Mel O’Callaghan, pour qui les notions de liminalité et de performance formalisées par Victor Turner dans le domaine de l’anthropologie constituent un fondement essentiel, s’intéresse notamment à la portée de l’extase en tant qu’expérience esthétique. Dans la continuité de sa récente exposition au Palais de Tokyo, elle développe ici le déplacement, dans le champ de l’art, des recherches de l’anthropologue et linguiste Felicitas D. Goodman sur la transe extatique et les méthodes visant à la provoquer de manière naturelle.
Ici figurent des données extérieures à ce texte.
theorem lemma27:
  fixes Sr :: "'s::finite \<Rightarrow> 'a::finite \<Rightarrow> 's set"
    and phi :: "'s \<Rightarrow> 'a \<Rightarrow> 's \<Rightarrow> real^'d"
    and st :: "nat \<Rightarrow> 's" and ac :: "nat \<Rightarrow> 'a"
    and \<theta>star :: "real^'d"
    and L\<phi> L\<theta> \<kappa> lam \<eta> :: real and T :: nat
  assumes A1_phi: "\<And>s a s'. norm (phi s a s') \<le> L\<phi>"
    and A1_theta: "norm \<theta>star \<le> L\<theta>"
    and A2: "\<And>t s' s'' \<theta>. t \<in> {1..T} \<Longrightarrow> s' \<in> Sr (st t) (ac t) \<Longrightarrow> s'' \<in> Sr (st t) (ac t) \<Longrightarrow>
              norm \<theta> \<le> L\<theta> \<Longrightarrow>
              mnl_prob Sr phi (st t) (ac t) \<theta> s' * mnl_prob Sr phi (st t) (ac t) \<theta> s'' \<ge> \<kappa>"
    and kappa: "0 < \<kappa>" "\<kappa> < 1"
    and A3: "\<And>s a. \<exists>s'\<in>Sr s a. phi s a s' = 0"
    and traj: "\<And>t. st (Suc t) \<in> Sr (st t) (ac t)"
    and eta: "\<eta> > 0"
    and lam_pos: "lam > 0"
    and lam: "lam \<ge> L\<phi>\<^sup>2"
  defines "d \<equiv> real CARD('d)"
    and "p \<equiv> \<lambda>t s'. mnl_prob Sr phi (st t) (ac t) (theta_hat Sr phi st ac L\<theta> lam \<eta> (Suc t)) s'"
    and "\<Sigma>inv \<equiv> \<lambda>t. matrix_inv (Sigma Sr phi st ac L\<theta> lam \<eta> t)"
    and "phihat \<equiv> \<lambda>t s'. phi (st t) (ac t) s'
                  - (\<Sum>s''\<in>Sr (st t) (ac t).
                      mnl_prob Sr phi (st t) (ac t) (theta_hat Sr phi st ac L\<theta> lam \<eta> (Suc t)) s''
                        *\<^sub>R phi (st t) (ac t) s'')"
    and "B \<equiv> ln (1 + real T * real (Ucard Sr) * L\<phi>\<^sup>2 / (lam * real CARD('d)))"
  shows "((\<Sum>t=1..T. Max ((\<lambda>s'. wnorm2 (\<Sigma>inv t) (phi (st t) (ac t) s')) ` Sr (st t) (ac t)))
           \<le> 2 * d / \<kappa> * B)
    \<and> ((\<Sum>t=1..T. \<Sum>s'\<in>Sr (st t) (ac t). p t s' * wnorm2 (\<Sigma>inv t) (phihat t s')) \<le> 2 * d * B)
    \<and> ((\<Sum>t=1..T. Max ((\<lambda>s'. wnorm2 (\<Sigma>inv t) (phihat t s')) ` Sr (st t) (ac t)))
           \<le> 8 * d / \<kappa> * B)"
proof -
  have reachable_nonempty: "Sr s a \<noteq> {}" for s a using A3 by blast
  interpret covariance_design "\<lambda>t. Sr (st t) (ac t)" "\<lambda>t. phi (st t) (ac t)" p
    "Sigma Sr phi st ac L\<theta> lam \<eta>" lam L\<phi>
    unfolding p_def
    using prob_weights_mnl_prob[of Sr, OF reachable_nonempty] reachable_nonempty A1_phi lam_pos lam
      Sigma_Suc_0 Sigma_Suc[of st _ Sr ac, OF traj]
    by (intro covariance_design.intro) auto
  have kappa_le: "\<kappa> \<le> p t s * p t s'" if "t \<in> {1..T}" "s \<in> Sr (st t) (ac t)" "s' \<in> Sr (st t) (ac t)"
    for t s s'
  proof -
    have "0 \<le> L\<theta>" using A1_theta norm_ge_zero order_trans by blast
    then show ?thesis using A2[OF that norm_theta_hat_le] by (simp add: p_def)
  qed
  have mono: "c * ln (1 + real T * L\<phi>^2 / (lam * CARD('d))) \<le> c * B" if "0 \<le> c" for c
    unfolding B_def using ln_bound_le_Ucard[of Sr, OF reachable_nonempty] lam_pos that
    by (intro mult_left_mono) auto
  have phihat: "phihat t s = centered t s" for t s
    by (simp add: phihat_def p_def wmean_def)
  show ?thesis
    unfolding \<Sigma>inv_def phihat d_def
    using order_trans[OF sum_max_wnorm2_le[OF kappa(1) A3 kappa_le] mono]
      order_trans[OF sum_weighted_wnorm2_centered_le mono]
      order_trans[OF sum_max_wnorm2_centered_le[OF kappa(1) A3 kappa_le] mono] kappa(1)
    by simp
qed
(* Let $(P,F)$ be a convex Fuchsian polyhedron in $\mathbb{H}^3$ with invariant plane $\Pi$, and let $Z$ be a Fuchsian deformation of $(P,F)$, with Fuchsian Killing fields $\vec f$ ($f\in F$) such that $Z(fy)=df(\vec f(y)+Z(y))$ for all $y\in P$. Let $Z_h$ be the horizontal component of $Z$. Then $Z_h$ is equivariant under $F$: $Z_h(fy)=df(\vec f(y)+Z_h(y))$ for all $f\in F$ and $y\in P$.
   Context: A convex Fuchsian polyhedron is a pair $(P,F)$ where $P$ is a convex polyhedral surface in $\mathbb{H}^3$ (boundary of a locally finite intersection of half-spaces) and $F$ is a discrete group of orientation-preserving isometries leaving invariant a totally geodesic plane $\Pi$, acting cocompactly without fixed points on $\Pi$, with $F(P)=P$ and $F$ acting freely on $P$. An infinitesimal isometric deformation of $P$ is a triangulation of the faces of $P$ with no new vertices plus a Killing field of $\mathbb{H}^3$ on each triangle, coinciding on common edges; it gives a vector field $Z$ on $P$. A Fuchsian Killing field is the extension of a Killing field $K$ of $\Pi$ defined by: at $x$ at distance $d$ from $\Pi$, with $p_d$ the orthogonal projection onto $\Pi$ of the equidistant surface at distance $d$ through $x$, its value is $(dp_d)^{-1}(K(p_d(x)))$. A Fuchsian deformation is an infinitesimal isometric deformation $Z$ such that for each $f\in F$ there is a Fuchsian Killing field $\vec f$ with $Z(fy)=df(\vec f(y)+Z(y))$ for all $y\in P$. At $x\in P$ the vertical direction is the tangent direction at $x$ of the geodesic through $x$ orthogonal to $\Pi$; horizontal directions are orthogonal to it, and $Z_h$ is the orthogonal projection of $Z$ onto the horizontal plane. *)

theory Defs
  imports "HOL-Analysis.Analysis"
begin

text \<open>Hyperboloid model of hyperbolic 3-space in Minkowski space R^{3,1}
  (coordinate 1 is the time coordinate).\<close>

type_synonym vec4 = "real ^ 4"
type_synonym mat4 = "real ^ 4 ^ 4"

definition mink :: "vec4 \<Rightarrow> vec4 \<Rightarrow> real" where
  "mink x y = - (x$1 * y$1) + x$2 * y$2 + x$3 * y$3 + x$4 * y$4"

definition H3 :: "vec4 set" where
  "H3 = {x. mink x x = -1 \<and> x$1 > 0}"

text \<open>Orientation-preserving isometries of H3 = orthochronous Lorentz matrices of det 1;
  the isometry acts by x \<mapsto> M x and its differential is v \<mapsto> M v.\<close>
definition isom_plus :: "mat4 \<Rightarrow> bool" where
  "isom_plus M \<longleftrightarrow> (\<forall>x y. mink (M *v x) (M *v y) = mink x y)
      \<and> (\<lambda>x. M *v x) ` H3 = H3 \<and> det M = 1"

definition so31 :: "mat4 \<Rightarrow> bool" where
  "so31 A \<longleftrightarrow> (\<forall>x y. mink (A *v x) y + mink x (A *v y) = 0)"

definition killing_H3 :: "(vec4 \<Rightarrow> vec4) \<Rightarrow> bool" where
  "killing_H3 K \<longleftrightarrow> (\<exists>A. so31 A \<and> (\<forall>x\<in>H3. K x = A *v x))"

definition unit_spacelike :: "vec4 \<Rightarrow> bool" where
  "unit_spacelike n \<longleftrightarrow> mink n n = 1"

definition hplane :: "vec4 \<Rightarrow> vec4 set" where
  "hplane n = {x\<in>H3. mink n x = 0}"

text \<open>Killing fields of the plane (restrictions to the plane of Killing fields of H3
  preserving it pointwise-normal, i.e. the isometry Lie algebra of the plane).\<close>
definition killing_plane :: "vec4 \<Rightarrow> (vec4 \<Rightarrow> vec4) \<Rightarrow> bool" where
  "killing_plane n K \<longleftrightarrow> (\<exists>A. so31 A \<and> A *v n = 0 \<and> (\<forall>y\<in>hplane n. K y = A *v y))"

text \<open>Orthogonal projection onto the plane (defined on all of R^4 by this formula).\<close>
definition proj :: "vec4 \<Rightarrow> vec4 \<Rightarrow> vec4" where
  "proj n x = (1 / sqrt (1 + (mink n x)\<^sup>2)) *\<^sub>R (x - mink n x *\<^sub>R n)"
text \<open>All digits equal to \<open>d - 1\<close> would make a point equal to \<open>frac 1 = 0\<close>, a fixed point
  of \<open>\<sigma>_d\<close>.\<close>

lemma shift_digit_value_less:
  assumes "d \<ge> 2" "q \<ge> 1" "\<forall>i<q. a i < d"
    and "card (orbit d (tuple_point d q a)) \<noteq> 1"
  shows "digit_value d q (\<lambda>i. a ((j + i) mod q)) < d ^ q - 1"
proof (rule ccontr)
  assume "\<not> ?thesis"
  moreover have "digit_value d q (\<lambda>i. a ((j + i) mod q)) < d ^ q"
    using assms by (intro digit_value_less) auto
  ultimately have "digit_value d q (\<lambda>i. a ((j + i) mod q)) = d ^ q - 1"
    by simp
  moreover have "1 < real d ^ q" using assms by (intro one_less_power) auto
  ultimately have "shift_point d q a j = 0"
    using assms by (simp add: shift_point_def tuple_point_digit_value of_nat_diff)
  then have zero_from_j: "shift_point d q a (j + n) = 0" for n
    using funpow_sigma_shift_point[OF assms(1,2), of n a j] funpow_sigma_0 by simp
  have "shift_point d q a k = 0" for k
  proof -
    have "shift_point d q a k = shift_point d q a ((q * j + k) mod q)"
      by (simp add: shift_point_mod)
    also have "\<dots> = shift_point d q a (j + ((q - 1) * j + k))"
      using assms(2) by (cases q) (simp_all add: shift_point_mod add.assoc)
    finally have "shift_point d q a k = shift_point d q a (j + ((q - 1) * j + k))" .
    then show ?thesis using zero_from_j by simp
  qed
  moreover have "0 \<in> {..<q}" using assms(2) by simp
  ultimately have "orbit d (tuple_point d q a) = {0}"
    by (auto simp: orbit_tuple_point[OF assms(1,2)] intro!: image_eqI[where x = 0])
  then show False using assms(4) by simp
qed
lemma card_nonroot_critical_points_less_card_roots:
  fixes Q :: "real poly"
  assumes "pderiv Q \<noteq> 0" "poly (pderiv Q) s = 0"
    and extrema: "\<And>t. poly (pderiv Q) t = 0 \<Longrightarrow> poly Q t \<noteq> 0 \<Longrightarrow>
      poly Q t * poly (pderiv (pderiv Q)) t < 0"
  shows "card {t. poly (pderiv Q) t = 0 \<and> poly Q t \<noteq> 0} < card {x. poly Q x = 0}"
proof -
  define T R where "T = {t. poly (pderiv Q) t = 0 \<and> poly Q t \<noteq> 0}" and "R = {x. poly Q x = 0}"
  have "finite R"
    using assms(1) by (auto simp: R_def intro: poly_roots_finite)
  have "finite T"
    using poly_roots_finite[OF assms(1)] by (rule rev_finite_subset) (auto simp: T_def)
  have in_T: "poly (pderiv Q) t = 0" "poly Q t * poly (pderiv (pderiv Q)) t < 0" if "t \<in> T" for t
    using that extrema by (auto simp: T_def)
  have in_R: "x \<in> R" if "x \<notin> T" "poly Q x = 0 \<or> poly (pderiv Q) x = 0" for x
    using that by (auto simp: T_def R_def)
  show ?thesis
    unfolding T_def[symmetric] R_def[symmetric]
  proof (rule card_less_card_if_interleaved[OF \<open>finite R\<close>])
    show "\<forall>t\<in>T. \<exists>r\<in>R. t < r \<and> (\<forall>t'\<in>T. t < t' \<longrightarrow> r < t')"
    proof
      fix t
      assume "t \<in> T"
      show "\<exists>r\<in>R. t < r \<and> (\<forall>t'\<in>T. t < t' \<longrightarrow> r < t')"
      proof (cases "\<exists>t'\<in>T. t < t'")
        case True
        define u where "u = Min {t'\<in>T. t < t'}"
        have U: "finite {t'\<in>T. t < t'}" "{t'\<in>T. t < t'} \<noteq> {}"
          using True \<open>finite T\<close> by auto
        have "u \<in> T" "t < u"
          using Min_in[OF U] by (auto simp: u_def)
        have u_min: "u \<le> t'" if "t' \<in> T" "t < t'" for t'
          using Min_le[OF U(1)] that by (simp add: u_def)
        obtain x where x: "t < x" "x < u" "poly Q x = 0 \<or> poly (pderiv Q) x = 0"
          using poly_root_between_critical_points[OF \<open>t < u\<close> in_T(1)[OF \<open>t \<in> T\<close>] in_T(1)[OF \<open>u \<in> T\<close>]
              in_T(2)[OF \<open>t \<in> T\<close>] in_T(2)[OF \<open>u \<in> T\<close>]]
          by blast
        then have "x \<notin> T"
          using u_min by force
        with x show ?thesis
          using in_R u_min by (meson less_le_trans)
      next
        case False
        obtain x where "t < x" "poly Q x = 0 \<or> poly (pderiv Q) x = 0"
          using poly_root_right_of_critical_point in_T[OF \<open>t \<in> T\<close>] by blast
        with False in_R show ?thesis
          by (meson less_trans)
      qed
    qed
    show "\<exists>r\<in>R. \<forall>t\<in>T. r < t"
    proof (cases "T = {}")
      case True
      then show ?thesis
        using in_R[of s] assms(2) by blast
    next
      case False
      define u where "u = Min T"
      have "u \<in> T" and u_min: "\<And>t. t \<in> T \<Longrightarrow> u \<le> t"
        using False \<open>finite T\<close> by (simp_all add: u_def)
      obtain x where x: "x < u" "poly Q x = 0 \<or> poly (pderiv Q) x = 0"
        using poly_root_left_of_critical_point in_T[OF \<open>u \<in> T\<close>] by blast
      then have "x \<notin> T"
        using u_min by force
      with x show ?thesis
        using in_R u_min by (meson less_le_trans)
    qed
  qed
qed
C’est en ce sens qu’elle a imaginé, en dialogue avec une ancienne collaboratrice de Goodman, Sabine Rittner, une performance mettant en jeu une méthode de respiration accélérée apte à faire vivre un état qualifié d’extatique à la personne qui la pratique. Reposant pour partie sur les effets provoqués par l’hyperventilation et la posture physique, tête renversée au ciel, le transport intérieur est régulé par des sonorités répétitives. Cette mise au travail du corps, en tant que véhicule de l’expérience extatique, s’inscrit en résonnance avec les enceintes de verre, au sein desquelles le performeur prend successivement place. À l’instar de l’expérience intérieure telle que définit par Georges Bataille, qui culmine dans la fusion du sujet et de l’objet, l’artiste aspire ainsi à un dévoilement de l’être par le franchissement des limites. Et si, comme Bataille l’écrit, « sans aucun doute tout objet d’extase est créé par l’art4 », il précise aussi que « l’expérience demeurerait inaccessible si nous ne savions dramatiser en nous forçant5 ». C’est cette dramatisation forcée que l’activation performative de Respire, respire convoque, en ouvrant au vertige d’une chute purement intérieure.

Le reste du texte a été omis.